Exercise instructions
Please give the listing again, word for word, with nothing left out.

Input data
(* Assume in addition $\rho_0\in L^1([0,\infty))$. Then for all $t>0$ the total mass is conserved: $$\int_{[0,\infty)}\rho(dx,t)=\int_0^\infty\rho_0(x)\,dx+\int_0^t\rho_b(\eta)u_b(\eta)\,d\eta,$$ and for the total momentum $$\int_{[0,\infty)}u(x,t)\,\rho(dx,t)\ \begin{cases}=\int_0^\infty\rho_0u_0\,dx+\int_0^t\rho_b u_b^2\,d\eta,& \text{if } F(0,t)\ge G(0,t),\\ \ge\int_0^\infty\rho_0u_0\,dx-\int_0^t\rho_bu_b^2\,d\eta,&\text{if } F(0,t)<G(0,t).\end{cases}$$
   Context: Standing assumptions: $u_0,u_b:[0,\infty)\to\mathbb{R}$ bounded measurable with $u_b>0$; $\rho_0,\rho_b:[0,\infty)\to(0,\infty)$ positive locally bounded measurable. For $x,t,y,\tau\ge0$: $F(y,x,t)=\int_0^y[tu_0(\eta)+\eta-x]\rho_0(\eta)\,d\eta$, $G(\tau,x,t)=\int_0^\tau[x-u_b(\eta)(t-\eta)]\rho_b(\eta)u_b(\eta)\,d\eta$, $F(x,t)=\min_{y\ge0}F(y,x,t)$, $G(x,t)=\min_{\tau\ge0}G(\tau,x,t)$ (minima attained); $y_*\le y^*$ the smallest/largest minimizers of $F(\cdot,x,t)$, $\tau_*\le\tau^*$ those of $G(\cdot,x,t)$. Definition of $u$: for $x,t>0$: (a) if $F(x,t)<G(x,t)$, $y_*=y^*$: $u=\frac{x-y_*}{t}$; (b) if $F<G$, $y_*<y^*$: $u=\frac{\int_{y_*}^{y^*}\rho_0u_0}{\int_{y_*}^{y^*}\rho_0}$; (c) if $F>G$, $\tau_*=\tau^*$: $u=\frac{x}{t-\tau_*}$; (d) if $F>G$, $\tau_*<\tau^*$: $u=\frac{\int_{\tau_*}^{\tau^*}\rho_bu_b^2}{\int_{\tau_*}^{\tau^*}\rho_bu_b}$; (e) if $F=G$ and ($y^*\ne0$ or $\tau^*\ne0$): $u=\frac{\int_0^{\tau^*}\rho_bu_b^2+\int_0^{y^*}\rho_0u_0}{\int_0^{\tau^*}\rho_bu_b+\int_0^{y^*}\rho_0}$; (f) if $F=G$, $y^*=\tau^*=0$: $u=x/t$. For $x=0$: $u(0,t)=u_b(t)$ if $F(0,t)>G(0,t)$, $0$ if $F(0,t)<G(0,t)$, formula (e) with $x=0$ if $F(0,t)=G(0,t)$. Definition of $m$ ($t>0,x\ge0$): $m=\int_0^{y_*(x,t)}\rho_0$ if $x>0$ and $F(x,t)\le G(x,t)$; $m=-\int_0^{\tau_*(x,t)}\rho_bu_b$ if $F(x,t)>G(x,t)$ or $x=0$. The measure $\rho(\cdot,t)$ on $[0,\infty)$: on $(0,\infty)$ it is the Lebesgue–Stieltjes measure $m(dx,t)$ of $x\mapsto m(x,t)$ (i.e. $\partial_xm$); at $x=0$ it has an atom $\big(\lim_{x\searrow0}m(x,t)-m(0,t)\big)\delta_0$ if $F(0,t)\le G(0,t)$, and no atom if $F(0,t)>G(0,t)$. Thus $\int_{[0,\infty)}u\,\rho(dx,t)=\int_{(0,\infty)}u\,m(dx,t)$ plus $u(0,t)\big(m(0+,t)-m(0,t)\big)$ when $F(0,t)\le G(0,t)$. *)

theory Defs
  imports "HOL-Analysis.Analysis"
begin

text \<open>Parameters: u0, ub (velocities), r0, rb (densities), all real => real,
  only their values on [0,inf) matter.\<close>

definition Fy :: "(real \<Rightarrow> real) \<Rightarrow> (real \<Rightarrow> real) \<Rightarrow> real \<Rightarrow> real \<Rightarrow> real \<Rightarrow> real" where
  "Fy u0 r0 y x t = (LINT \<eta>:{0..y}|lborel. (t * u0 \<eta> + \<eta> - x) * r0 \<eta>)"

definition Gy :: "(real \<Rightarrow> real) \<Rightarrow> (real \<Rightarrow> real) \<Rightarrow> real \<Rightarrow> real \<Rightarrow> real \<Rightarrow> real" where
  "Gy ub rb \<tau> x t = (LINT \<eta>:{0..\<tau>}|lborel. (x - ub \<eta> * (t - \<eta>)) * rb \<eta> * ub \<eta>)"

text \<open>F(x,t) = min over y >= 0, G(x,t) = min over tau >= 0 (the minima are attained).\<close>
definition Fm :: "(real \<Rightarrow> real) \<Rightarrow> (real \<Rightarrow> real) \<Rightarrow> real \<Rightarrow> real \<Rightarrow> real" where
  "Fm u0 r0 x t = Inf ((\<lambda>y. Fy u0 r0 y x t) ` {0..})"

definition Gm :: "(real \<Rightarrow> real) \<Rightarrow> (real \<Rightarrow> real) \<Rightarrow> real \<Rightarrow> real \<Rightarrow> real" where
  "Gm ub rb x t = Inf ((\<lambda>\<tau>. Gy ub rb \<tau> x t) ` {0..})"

The answer
(* Assume in addition $\rho_0\in L^1([0,\infty))$. Then for all $t>0$ the total mass is conserved: $$\int_{[0,\infty)}\rho(dx,t)=\int_0^\infty\rho_0(x)\,dx+\int_0^t\rho_b(\eta)u_b(\eta)\,d\eta,$$ and for the total momentum $$\int_{[0,\infty)}u(x,t)\,\rho(dx,t)\ \begin{cases}=\int_0^\infty\rho_0u_0\,dx+\int_0^t\rho_b u_b^2\,d\eta,& \text{if } F(0,t)\ge G(0,t),\\ \ge\int_0^\infty\rho_0u_0\,dx-\int_0^t\rho_bu_b^2\,d\eta,&\text{if } F(0,t)<G(0,t).\end{cases}$$
   Context: Standing assumptions: $u_0,u_b:[0,\infty)\to\mathbb{R}$ bounded measurable with $u_b>0$; $\rho_0,\rho_b:[0,\infty)\to(0,\infty)$ positive locally bounded measurable. For $x,t,y,\tau\ge0$: $F(y,x,t)=\int_0^y[tu_0(\eta)+\eta-x]\rho_0(\eta)\,d\eta$, $G(\tau,x,t)=\int_0^\tau[x-u_b(\eta)(t-\eta)]\rho_b(\eta)u_b(\eta)\,d\eta$, $F(x,t)=\min_{y\ge0}F(y,x,t)$, $G(x,t)=\min_{\tau\ge0}G(\tau,x,t)$ (minima attained); $y_*\le y^*$ the smallest/largest minimizers of $F(\cdot,x,t)$, $\tau_*\le\tau^*$ those of $G(\cdot,x,t)$. Definition of $u$: for $x,t>0$: (a) if $F(x,t)<G(x,t)$, $y_*=y^*$: $u=\frac{x-y_*}{t}$; (b) if $F<G$, $y_*<y^*$: $u=\frac{\int_{y_*}^{y^*}\rho_0u_0}{\int_{y_*}^{y^*}\rho_0}$; (c) if $F>G$, $\tau_*=\tau^*$: $u=\frac{x}{t-\tau_*}$; (d) if $F>G$, $\tau_*<\tau^*$: $u=\frac{\int_{\tau_*}^{\tau^*}\rho_bu_b^2}{\int_{\tau_*}^{\tau^*}\rho_bu_b}$; (e) if $F=G$ and ($y^*\ne0$ or $\tau^*\ne0$): $u=\frac{\int_0^{\tau^*}\rho_bu_b^2+\int_0^{y^*}\rho_0u_0}{\int_0^{\tau^*}\rho_bu_b+\int_0^{y^*}\rho_0}$; (f) if $F=G$, $y^*=\tau^*=0$: $u=x/t$. For $x=0$: $u(0,t)=u_b(t)$ if $F(0,t)>G(0,t)$, $0$ if $F(0,t)<G(0,t)$, formula (e) with $x=0$ if $F(0,t)=G(0,t)$. Definition of $m$ ($t>0,x\ge0$): $m=\int_0^{y_*(x,t)}\rho_0$ if $x>0$ and $F(x,t)\le G(x,t)$; $m=-\int_0^{\tau_*(x,t)}\rho_bu_b$ if $F(x,t)>G(x,t)$ or $x=0$. The measure $\rho(\cdot,t)$ on $[0,\infty)$: on $(0,\infty)$ it is the Lebesgue–Stieltjes measure $m(dx,t)$ of $x\mapsto m(x,t)$ (i.e. $\partial_xm$); at $x=0$ it has an atom $\big(\lim_{x\searrow0}m(x,t)-m(0,t)\big)\delta_0$ if $F(0,t)\le G(0,t)$, and no atom if $F(0,t)>G(0,t)$. Thus $\int_{[0,\infty)}u\,\rho(dx,t)=\int_{(0,\infty)}u\,m(dx,t)$ plus $u(0,t)\big(m(0+,t)-m(0,t)\big)$ when $F(0,t)\le G(0,t)$. *)

theory Defs
  imports "HOL-Analysis.Analysis"
begin

text \<open>Parameters: u0, ub (velocities), r0, rb (densities), all real => real,
  only their values on [0,inf) matter.\<close>

definition Fy :: "(real \<Rightarrow> real) \<Rightarrow> (real \<Rightarrow> real) \<Rightarrow> real \<Rightarrow> real \<Rightarrow> real \<Rightarrow> real" where
  "Fy u0 r0 y x t = (LINT \<eta>:{0..y}|lborel. (t * u0 \<eta> + \<eta> - x) * r0 \<eta>)"

definition Gy :: "(real \<Rightarrow> real) \<Rightarrow> (real \<Rightarrow> real) \<Rightarrow> real \<Rightarrow> real \<Rightarrow> real \<Rightarrow> real" where
  "Gy ub rb \<tau> x t = (LINT \<eta>:{0..\<tau>}|lborel. (x - ub \<eta> * (t - \<eta>)) * rb \<eta> * ub \<eta>)"

text \<open>F(x,t) = min over y >= 0, G(x,t) = min over tau >= 0 (the minima are attained).\<close>
definition Fm :: "(real \<Rightarrow> real) \<Rightarrow> (real \<Rightarrow> real) \<Rightarrow> real \<Rightarrow> real \<Rightarrow> real" where
  "Fm u0 r0 x t = Inf ((\<lambda>y. Fy u0 r0 y x t) ` {0..})"

definition Gm :: "(real \<Rightarrow> real) \<Rightarrow> (real \<Rightarrow> real) \<Rightarrow> real \<Rightarrow> real \<Rightarrow> real" where
  "Gm ub rb x t = Inf ((\<lambda>\<tau>. Gy ub rb \<tau> x t) ` {0..})"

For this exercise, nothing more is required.